For someone who doesnt have a strong technical background, I found the discussions about current and future technologies interesting, albeit highly descriptive and scientific regarding hardware and systems components. Lots of acronyms and phrases were thrown around (REST S3 is the new SCSI and HSM appliance). LTFS (Linear Tape File System) was significantly discussed. I searched for these and other terms on my laptop during the meeting, many, many times.
The discussions around the expectations of the archival community for vendors resonated more with me and my work. Aside from technical requirements for data storage, there are preservation strategies and policy decisions that influence how cultural heritage institutions manage their digital collections. Libraries and archives cant afford to lose any content under their stewardship, but there is also the realistic tension of how much loss is acceptable. So, institutions make decisions about their storage media based on other factors in addition to costs and scalability of systems.
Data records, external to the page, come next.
lemma integral_test_function_discretization:
  fixes \<rho> :: "real measure" and \<psi> :: "real \<Rightarrow> real"
  assumes sets: "sets \<rho> = sets borel" and fin: "emeasure \<rho> (dyadic_interval a k j) < \<infinity>"
    and lip: "1-lipschitz_on UNIV \<psi>" and bounded: "\<And>x. \<bar>\<psi> x\<bar> \<le> 2"
  shows "\<bar>(\<integral>x. indicator (dyadic_interval a k j) x * \<psi> (T_map (dyadic_interval a k j) x) \<partial>\<rho>)
      - (\<Sum>i<(2::nat)^n. \<psi> (real i / 2^n) * measure \<rho> (dyadic_interval a (k + n) (2^n * j + int i)))\<bar>
    \<le> measure \<rho> (dyadic_interval a k j) / 2^n"
proof -
  define I where "I = dyadic_interval a k j"
  define J where "J i = dyadic_interval a (k + n) (2^n * j + int i)" for i :: nat
  define u where "u x = indicator I x * \<psi> (T_map I x)" for x
  define h where "h x = (\<Sum>i<(2::nat)^n. \<psi> (real i / 2^n) * indicator (J i) x)" for x
  have [measurable]: "\<psi> \<in> borel_measurable borel" by (rule borel_measurable_1_lipschitz[OF lip])
  have space: "space \<rho> = UNIV" using sets_eq_imp_space_eq[OF sets] by simp
  have sets_I: "I \<in> sets \<rho>" and sets_J: "J i \<in> sets \<rho>" for i
    using sets by (simp_all add: I_def J_def)
  have J_I: "J i \<subseteq> I" if "i < 2^n" for i
    using that unfolding J_def I_def by (intro dyadic_interval_descendant) (simp_all add: of_nat_less_iff)
  have fin_J: "emeasure \<rho> (J i) < \<infinity>" if "i < 2^n" for i
    using emeasure_mono[OF J_I[OF that] sets_I] fin unfolding I_def by simp
  have int_I: "integrable \<rho> (\<lambda>x. c * indicator I x)" for c :: real
    using fin sets_I unfolding I_def by (intro integrable_mult_right integrable_real_indicator) auto
  have int_u: "integrable \<rho> u"
  proof (rule Bochner_Integration.integrable_bound[OF int_I[of 2]])
    show "u \<in> borel_measurable \<rho>"
      unfolding measurable_cong_sets[OF sets refl] u_def I_def by measurable
    show "AE x in \<rho>. norm (u x) \<le> norm (2 * indicator I x :: real)"
      using bounded by (auto simp: u_def indicator_def)
  qed
  have int_h: "integrable \<rho> h" unfolding h_def
    by (intro Bochner_Integration.integrable_sum integrable_mult_right integrable_real_indicator sets_J fin_J)
      auto
  have approx: "\<bar>u x - h x\<bar> \<le> indicator I x / 2^n" for x
    unfolding u_def h_def I_def J_def by (rule abs_test_function_sub_step_function_le[OF lip])
  have "\<bar>integral\<^sup>L \<rho> u - integral\<^sup>L \<rho> h\<bar> = \<bar>\<integral>x. u x - h x \<partial>\<rho>\<bar>"
    using int_u int_h by simp
  also have "\<dots> \<le> (\<integral>x. indicator I x / 2^n \<partial>\<rho>)"
    using int_u int_h int_I[of "1 / 2^n"] approx by (intro integral_abs_bound_integral) auto
  also have "\<dots> = measure \<rho> I / 2^n" using space by simp
  finally have "\<bar>integral\<^sup>L \<rho> u - integral\<^sup>L \<rho> h\<bar> \<le> measure \<rho> I / 2^n" .
  moreover have "integral\<^sup>L \<rho> h = (\<Sum>i<(2::nat)^n. \<psi> (real i / 2^n) * measure \<rho> (J i))"
    unfolding h_def using sets_J fin_J space
    by (subst Bochner_Integration.integral_sum) (auto intro!: integrable_mult_right integrable_real_indicator)
  ultimately show ?thesis unfolding u_def I_def J_def by simp
qed

lemma abs_sum_recentre_le:
  fixes \<psi> :: "real \<Rightarrow> real"
  assumes lip: "1-lipschitz_on UNIV \<psi>"
    and P: "\<And>i. i < N \<Longrightarrow> t \<le> P i \<and> P i \<le> t + s" and v: "\<And>i. v i \<ge> 0"
  shows "\<bar>(\<Sum>i<N. \<psi> (P i) * (m i - c * v i)) - (\<Sum>i<N. \<psi> (P i) * (m i - c' * v i))
           - (c' - c) * \<psi> t * (\<Sum>i<N. v i)\<bar>
         \<le> s * \<bar>c' - c\<bar> * (\<Sum>i<N. v i)"
proof -
  have "(\<Sum>i<N. \<psi> (P i) * (m i - c * v i)) - (\<Sum>i<N. \<psi> (P i) * (m i - c' * v i))
      - (c' - c) * \<psi> t * (\<Sum>i<N. v i) = (c' - c) * (\<Sum>i<N. (\<psi> (P i) - \<psi> t) * v i)"
    by (simp add: sum_distrib_left sum_subtractf[symmetric] algebra_simps)
  also have "\<bar>\<dots>\<bar> \<le> \<bar>c' - c\<bar> * (\<Sum>i<N. s * v i)"
    unfolding abs_mult
  proof (intro mult_left_mono order.trans[OF sum_abs] sum_mono)
    fix i assume "i \<in> {..<N}"
    then have "\<bar>\<psi> (P i) - \<psi> t\<bar> \<le> s"
      using abs_diff_le_if_1_lipschitz[OF lip, of "P i" t] P[of i] by auto
    then show "\<bar>(\<psi> (P i) - \<psi> t) * v i\<bar> \<le> s * v i"
      using v[of i] by (simp add: abs_mult mult_right_mono)
  qed simp
  finally show ?thesis by (simp add: sum_distrib_left mult_ac)
qed

lemma W1_bounds:
  assumes "\<And>\<psi>. 1-lipschitz_on UNIV \<psi> \<Longrightarrow> \<forall>x. x \<notin> {0..1} \<longrightarrow> \<psi> x = 0 \<Longrightarrow>
      \<bar>(\<integral>x. \<psi> x \<partial>M1) - (\<integral>x. \<psi> x \<partial>M2)\<bar> \<le> B"
  shows "0 \<le> W1 M1 M2" and "W1 M1 M2 \<le> B"
proof -
  let ?G = "{\<bar>(\<integral>x. \<psi> x \<partial>M1) - (\<integral>x. \<psi> x \<partial>M2)\<bar> | \<psi>.
      1-lipschitz_on UNIV \<psi> \<and> (\<forall>x. x \<notin> {0..1} \<longrightarrow> \<psi> x = 0)} :: real set"
  have "1-lipschitz_on UNIV (\<lambda>_::real. 0::real)" by (rule lipschitz_onI) auto
  then have zero: "0 \<in> ?G" by (auto intro!: exI[of _ "\<lambda>_. 0"])
  have bound: "\<And>w. w \<in> ?G \<Longrightarrow> w \<le> B" using assms by blast
  show "0 \<le> W1 M1 M2"
    unfolding W1_def using bound by (intro cSup_upper2[OF zero order.refl] bdd_aboveI) blast
  show "W1 M1 M2 \<le> B"
    unfolding W1_def using zero bound by (intro cSup_least) auto
qed

locale dyadic_L2_density =
  fixes a :: real and \<nu> :: "real measure" and g :: "real \<Rightarrow> real"
  assumes sets_\<nu>: "sets \<nu> = sets borel"
    and compact_finite: "\<And>K. compact K \<Longrightarrow> emeasure \<nu> K < \<infinity>"
    and g_measurable [measurable]: "g \<in> borel_measurable \<nu>"
    and g_nonneg: "\<And>x. g x \<ge> 0"
    and g_square_integrable: "integrable \<nu> (\<lambda>x. (g x)^2)"
begin

abbreviation "\<mu> \<equiv> density \<nu> (\<lambda>x. ennreal (g x))"

lemma sets_\<mu>: "sets \<mu> = sets borel"
  by (simp add: sets_\<nu>)

lemma measurable_\<nu>: "measurable \<nu> N = measurable borel N"
  by (rule measurable_cong_sets[OF sets_\<nu> refl])

lemma measurable_\<mu>: "measurable \<mu> N = measurable borel N"
  by (rule measurable_cong_sets[OF sets_\<mu> refl])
For one, institutions consider how storage systems manage metadata and provenance. Can the system authenticate the data? Are privacy and legal issue policies built into the system? For another, institutions rely on various levels of file accessibility. What level of effort is needed retrieve or correct corrupt files? Does the system allow for migration and seamless access? Can data stewards, and not just IT managers, easily use the system?
These, among others, are the factors digital preservation practitioners consider for their storage and management systems. Convening together helps both communities identify common areas of interest and possible solutions.